What is being asked = On the basis of the records below, report how many lines contain the word "also". Nothing else should be given.

Given records =

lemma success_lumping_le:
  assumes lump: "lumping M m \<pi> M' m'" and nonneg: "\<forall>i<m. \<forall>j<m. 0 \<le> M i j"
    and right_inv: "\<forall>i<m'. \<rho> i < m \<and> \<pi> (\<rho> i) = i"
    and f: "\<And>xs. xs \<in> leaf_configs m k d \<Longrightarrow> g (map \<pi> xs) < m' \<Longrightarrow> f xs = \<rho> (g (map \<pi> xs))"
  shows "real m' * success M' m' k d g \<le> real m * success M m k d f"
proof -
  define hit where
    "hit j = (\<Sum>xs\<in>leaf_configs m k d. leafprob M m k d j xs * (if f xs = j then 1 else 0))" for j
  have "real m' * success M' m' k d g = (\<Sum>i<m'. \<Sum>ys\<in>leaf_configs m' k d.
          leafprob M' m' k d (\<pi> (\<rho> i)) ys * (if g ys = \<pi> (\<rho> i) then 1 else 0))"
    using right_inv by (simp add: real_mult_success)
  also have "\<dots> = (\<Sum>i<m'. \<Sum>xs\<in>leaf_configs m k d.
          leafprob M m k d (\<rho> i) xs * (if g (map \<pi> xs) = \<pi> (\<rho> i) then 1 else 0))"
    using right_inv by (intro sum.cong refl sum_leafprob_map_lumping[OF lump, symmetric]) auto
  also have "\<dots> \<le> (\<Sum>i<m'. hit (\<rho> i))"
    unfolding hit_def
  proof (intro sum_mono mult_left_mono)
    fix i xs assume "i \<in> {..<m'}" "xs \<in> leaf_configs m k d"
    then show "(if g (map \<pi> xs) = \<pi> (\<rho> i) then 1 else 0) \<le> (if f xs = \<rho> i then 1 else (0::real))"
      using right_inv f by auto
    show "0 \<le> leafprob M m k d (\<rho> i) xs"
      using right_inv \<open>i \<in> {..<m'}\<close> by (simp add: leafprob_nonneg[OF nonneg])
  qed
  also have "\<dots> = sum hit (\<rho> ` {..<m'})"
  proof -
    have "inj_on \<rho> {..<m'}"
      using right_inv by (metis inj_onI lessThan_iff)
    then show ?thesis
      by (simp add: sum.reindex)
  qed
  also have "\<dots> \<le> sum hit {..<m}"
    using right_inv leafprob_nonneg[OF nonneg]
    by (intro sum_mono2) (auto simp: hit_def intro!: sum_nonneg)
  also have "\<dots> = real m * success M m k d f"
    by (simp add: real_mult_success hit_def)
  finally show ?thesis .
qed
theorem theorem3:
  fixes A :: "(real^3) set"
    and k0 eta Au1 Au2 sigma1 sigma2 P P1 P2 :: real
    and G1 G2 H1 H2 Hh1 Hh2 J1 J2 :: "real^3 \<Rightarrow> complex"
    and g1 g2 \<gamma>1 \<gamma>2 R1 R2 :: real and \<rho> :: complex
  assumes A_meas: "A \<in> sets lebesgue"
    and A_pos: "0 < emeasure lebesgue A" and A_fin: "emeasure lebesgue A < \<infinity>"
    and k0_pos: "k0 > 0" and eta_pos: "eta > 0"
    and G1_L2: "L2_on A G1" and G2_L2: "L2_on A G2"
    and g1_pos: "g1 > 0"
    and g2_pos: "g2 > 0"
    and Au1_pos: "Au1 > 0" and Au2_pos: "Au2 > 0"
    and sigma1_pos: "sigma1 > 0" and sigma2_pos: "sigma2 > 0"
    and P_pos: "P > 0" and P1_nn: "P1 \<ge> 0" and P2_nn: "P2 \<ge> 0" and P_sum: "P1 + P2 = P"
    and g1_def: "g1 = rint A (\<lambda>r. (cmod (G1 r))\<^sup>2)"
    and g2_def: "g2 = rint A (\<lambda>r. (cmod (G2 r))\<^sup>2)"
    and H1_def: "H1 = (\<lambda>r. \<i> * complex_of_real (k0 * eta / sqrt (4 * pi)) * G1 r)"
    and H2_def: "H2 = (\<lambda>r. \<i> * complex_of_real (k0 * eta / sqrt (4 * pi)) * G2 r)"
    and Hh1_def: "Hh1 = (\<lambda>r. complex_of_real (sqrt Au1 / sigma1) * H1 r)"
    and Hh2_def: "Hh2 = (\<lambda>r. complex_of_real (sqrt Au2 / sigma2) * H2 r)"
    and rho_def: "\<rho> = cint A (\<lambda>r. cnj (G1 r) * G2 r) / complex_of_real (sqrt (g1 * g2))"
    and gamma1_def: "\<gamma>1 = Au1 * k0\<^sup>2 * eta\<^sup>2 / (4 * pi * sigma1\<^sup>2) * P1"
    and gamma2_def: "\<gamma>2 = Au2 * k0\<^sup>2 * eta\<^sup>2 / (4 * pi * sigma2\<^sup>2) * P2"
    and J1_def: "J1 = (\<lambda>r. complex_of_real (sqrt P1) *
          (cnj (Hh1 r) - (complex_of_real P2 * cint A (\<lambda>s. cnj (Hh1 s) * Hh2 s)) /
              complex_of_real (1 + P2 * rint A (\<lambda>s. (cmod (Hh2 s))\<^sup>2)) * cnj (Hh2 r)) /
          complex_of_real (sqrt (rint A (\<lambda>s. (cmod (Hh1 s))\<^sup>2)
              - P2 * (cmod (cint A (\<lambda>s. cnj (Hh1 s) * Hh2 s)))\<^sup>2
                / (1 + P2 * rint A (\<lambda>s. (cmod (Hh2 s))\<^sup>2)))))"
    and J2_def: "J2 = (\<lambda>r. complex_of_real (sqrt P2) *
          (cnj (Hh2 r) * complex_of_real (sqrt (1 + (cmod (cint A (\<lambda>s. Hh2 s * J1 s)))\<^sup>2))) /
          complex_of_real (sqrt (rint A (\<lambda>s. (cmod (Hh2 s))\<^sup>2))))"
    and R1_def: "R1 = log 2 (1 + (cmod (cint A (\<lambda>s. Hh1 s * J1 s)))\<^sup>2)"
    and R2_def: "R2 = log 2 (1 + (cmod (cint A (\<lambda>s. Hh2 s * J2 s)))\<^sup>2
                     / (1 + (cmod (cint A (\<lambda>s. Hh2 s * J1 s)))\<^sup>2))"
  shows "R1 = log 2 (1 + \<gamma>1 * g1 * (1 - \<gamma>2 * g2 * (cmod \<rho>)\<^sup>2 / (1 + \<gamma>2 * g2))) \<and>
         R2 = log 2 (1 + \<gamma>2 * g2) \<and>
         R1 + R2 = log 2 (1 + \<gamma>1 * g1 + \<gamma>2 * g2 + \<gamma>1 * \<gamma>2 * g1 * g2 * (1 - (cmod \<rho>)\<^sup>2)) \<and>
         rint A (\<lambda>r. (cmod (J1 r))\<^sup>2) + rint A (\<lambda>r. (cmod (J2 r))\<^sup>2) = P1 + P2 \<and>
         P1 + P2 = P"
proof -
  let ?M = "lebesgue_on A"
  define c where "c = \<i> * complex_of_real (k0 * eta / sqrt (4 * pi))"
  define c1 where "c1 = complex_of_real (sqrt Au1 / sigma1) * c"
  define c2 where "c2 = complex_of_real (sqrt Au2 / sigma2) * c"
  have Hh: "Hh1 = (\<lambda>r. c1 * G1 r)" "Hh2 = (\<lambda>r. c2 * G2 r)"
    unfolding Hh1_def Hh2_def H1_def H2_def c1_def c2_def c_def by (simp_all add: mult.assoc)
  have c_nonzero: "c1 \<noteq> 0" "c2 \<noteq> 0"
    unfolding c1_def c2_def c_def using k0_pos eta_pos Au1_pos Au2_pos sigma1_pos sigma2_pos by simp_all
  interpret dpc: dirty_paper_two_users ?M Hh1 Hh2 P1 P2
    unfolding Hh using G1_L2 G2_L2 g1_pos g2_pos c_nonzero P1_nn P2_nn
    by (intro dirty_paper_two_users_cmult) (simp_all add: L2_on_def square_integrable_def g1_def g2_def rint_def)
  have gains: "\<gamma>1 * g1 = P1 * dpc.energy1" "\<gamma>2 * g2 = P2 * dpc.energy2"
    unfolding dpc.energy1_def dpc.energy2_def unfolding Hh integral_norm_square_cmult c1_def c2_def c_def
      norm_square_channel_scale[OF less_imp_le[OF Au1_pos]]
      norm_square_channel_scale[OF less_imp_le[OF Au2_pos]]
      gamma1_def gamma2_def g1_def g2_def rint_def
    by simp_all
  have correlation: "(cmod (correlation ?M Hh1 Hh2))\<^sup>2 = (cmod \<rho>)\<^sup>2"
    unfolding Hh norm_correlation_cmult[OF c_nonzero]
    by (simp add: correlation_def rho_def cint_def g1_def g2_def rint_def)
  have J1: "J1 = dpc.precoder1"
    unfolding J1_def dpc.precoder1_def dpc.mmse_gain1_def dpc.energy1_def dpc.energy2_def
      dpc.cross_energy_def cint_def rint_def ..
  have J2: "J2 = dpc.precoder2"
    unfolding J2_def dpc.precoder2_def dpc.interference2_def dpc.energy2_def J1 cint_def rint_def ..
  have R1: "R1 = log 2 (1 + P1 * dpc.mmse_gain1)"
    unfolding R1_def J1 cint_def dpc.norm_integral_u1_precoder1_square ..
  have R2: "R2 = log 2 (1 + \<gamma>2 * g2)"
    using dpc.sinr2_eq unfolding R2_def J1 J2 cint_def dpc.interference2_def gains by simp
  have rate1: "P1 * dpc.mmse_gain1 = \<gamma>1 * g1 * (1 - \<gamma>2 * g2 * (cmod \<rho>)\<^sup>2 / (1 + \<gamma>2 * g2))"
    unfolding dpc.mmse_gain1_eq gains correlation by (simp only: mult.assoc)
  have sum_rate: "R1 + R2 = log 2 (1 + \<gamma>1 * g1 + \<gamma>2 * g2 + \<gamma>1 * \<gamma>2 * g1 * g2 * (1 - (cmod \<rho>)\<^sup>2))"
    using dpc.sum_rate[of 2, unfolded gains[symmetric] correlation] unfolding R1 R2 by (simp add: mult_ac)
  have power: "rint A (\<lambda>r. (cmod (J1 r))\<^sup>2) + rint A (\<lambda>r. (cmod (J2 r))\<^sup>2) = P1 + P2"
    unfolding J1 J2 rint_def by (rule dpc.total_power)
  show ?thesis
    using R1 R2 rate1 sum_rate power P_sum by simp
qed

Answer for the task = 5